PUBLIC VS PRIVATE HEALTH CARE SYSTEM: SPAIN Vs USA

 Even when I acknowledge that not everybody is equal I am true believer in giving everybody the same opportunities. I think it would be nice if everyone could also have access to the same level of healthcare regardless your incomes or the place that you happen to live in. 

That is a nice ideal that I cannot avoid to have. However, I have had some experiences in both systems, that make me doubt about the feasibility of matching a good level of care with a public system. This is based only in my personal experience working in Spain and now in USA. I am not saying that all the hospitals are the same, but this is what I have seen and lived within the surgery world:

ACCESSIBILITY: 

Public system: Anyone can go to the ER of a public hospital and have the same level of health care. If you are not citizen or do not have Social Security number you will be required to pay the bill. Anyone with Social Security Number or citizenship can make an appointment for a Family Doctor for free. This Doctor will decide about the need of having a specialist consult for free.

Private System: Anyone can go to the ER and have the same level of care. A copay will be required most of the times. Anyone can make an appointment with either family doctor or specialist. A copay will be required, likely.

ACCOUNTABILITY:

Public System: The patient belongs to the hospital. Whoever is working that day in that particular speciality or outpatient clinic is going to make the decisions that day regarding that particular patient. If it is an inpatient, the Dr. responsible will change with shifts. The surgeon who decides about the indication for a determinate procedure is not necessary the one who will perform it. Believe it or not, I knew patients first time the same day of the surgery that someone else had decided that I had to perform.  My father, who lives in a different city than I did, had a surgery done by a Doctor he had never met before (or later).

Private System: There is a Doctor who is responsible for the patient. If he is not at the hospital when the patient comes, someone reaches him/her to consult. The Surgeon, who asses the patient give the patient the options to decide about his/her healthcare. I cannot imagine a surgeon, out of the setting of emergent surgery, knowing the patient for first time in the OR table.

QUALITY VS QUANTITY

Public system: As a surgeon you may have 40 patients between 8:00 and 15:00. An average of 10 minutes per patient of which 7 are spent in ordering the chart because more likely you do not know that patient’s chart from before.

Private system: You follow your patients. You know them unless it is the first visit. You run your schedule, so you take as much time as needed which any of them. If a surgery is needed you decide with the patient, which, when and how it will be done. You will make the follow-up later on and you will have to deal with any outcomes resulting of your decision. 

TEACHING

Public system: 2 Attending Surgeons are scrubbed in any surgery. You can find a 5PGY General Surgery Resident as a second Assistant in a laparoscopic hernia. I am sure any surgeon reading this know what that means. There is no board. Nobody is going to asses how well (or bad) you train your trainees. In the hospital where I was trained residents were not allowed to have outpatients. I tricked the system by doing my follow-ups in the ER when I could… But I finished my residency without doing outpatients follow-ups. 

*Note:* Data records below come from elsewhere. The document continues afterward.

lemma prec_of_disjoint_translates_cover:
  fixes m N :: nat
  assumes hom: "homeomorphism UNIV UNIV h g"
    and W: "\<forall>c<m. open (W c) \<and> W c \<subseteq> U" "disjoint_family_on W {..<m}"
    and return: "\<forall>c<m. \<forall>x. \<exists>n. \<bar>n\<bar> \<le> int N \<and> hpow h n x \<in> W c"
    and V: "\<forall>c<m. open (V c) \<and> disjoint_translates h (2 * N) (V c)" "F \<subseteq> (\<Union>c<m. V c)"
  shows "prec h F U"
proof -
  have bij: "bij h" using homeomorphism_UNIV_imp_bij[OF hom] .
  define P where "P = (\<lambda>(c, n). V c \<inter> hpow h n -` W c)"
  show ?thesis
  proof (rule prec_finite_family[where V = P and d = snd and I = "{..<m} \<times> {- int N..int N}"])
    show "\<forall>i\<in>{..<m} \<times> {- int N..int N}. open (P i)"
      using V(1) W(1) open_hpow_vimage[OF hom] by (auto simp: P_def)
    show "F \<subseteq> (\<Union>i\<in>{..<m} \<times> {- int N..int N}. P i)"
    proof
      fix x assume "x \<in> F"
      then obtain c where "c < m" "x \<in> V c" using V(2) by blast
      moreover obtain n where "\<bar>n\<bar> \<le> int N" "hpow h n x \<in> W c"
        using return \<open>c < m\<close> by blast
      ultimately show "x \<in> (\<Union>i\<in>{..<m} \<times> {- int N..int N}. P i)"
        by (intro UN_I[of "(c, n)"]) (auto simp: P_def)
    qed
    show "\<forall>i\<in>{..<m} \<times> {- int N..int N}. hpow h (snd i) ` P i \<subseteq> U"
      using W(1) by (auto simp: P_def)
    have "hpow h n ` P (c, n) \<inter> hpow h n' ` P (c', n') = {}"
      if "c < m" "c' < m" "n \<in> {- int N..int N}" "n' \<in> {- int N..int N}" "(c, n) \<noteq> (c', n')"
      for c n c' n'
    proof (cases "c = c'")
      case True
      then have "n \<noteq> n'" "\<bar>n - n'\<bar> \<le> int (2 * N)"
        using that by auto
      then have "hpow h n ` V c \<inter> hpow h n' ` V c = {}"
        using disjoint_translates_hpow_images[OF bij] V(1) \<open>c < m\<close> by blast
      then show ?thesis using True by (auto simp: P_def)
    next
      case False
      then have "W c \<inter> W c' = {}"
        using W(2) that unfolding disjoint_family_on_def by blast
      then show ?thesis by (auto simp: P_def)
    qed
    then show "disjoint_family_on (\<lambda>i. hpow h (snd i) ` P i) ({..<m} \<times> {- int N..int N})"
      unfolding disjoint_family_on_def by auto
  qed simp
qed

Private system: Your residents and fellows are your pride. The way they are trained will speak not only about them, but mainly about the place where they learnt. They are evaluated for external committees.  If they fail, you fail. You want them to be the best.

SALARY:

I will only say there is at least one zero of difference for a Surgeon in both systems. However, personally I would not mind that difference, If all the other went away.


I still think it would be nice merging the best of both systems. What do you think?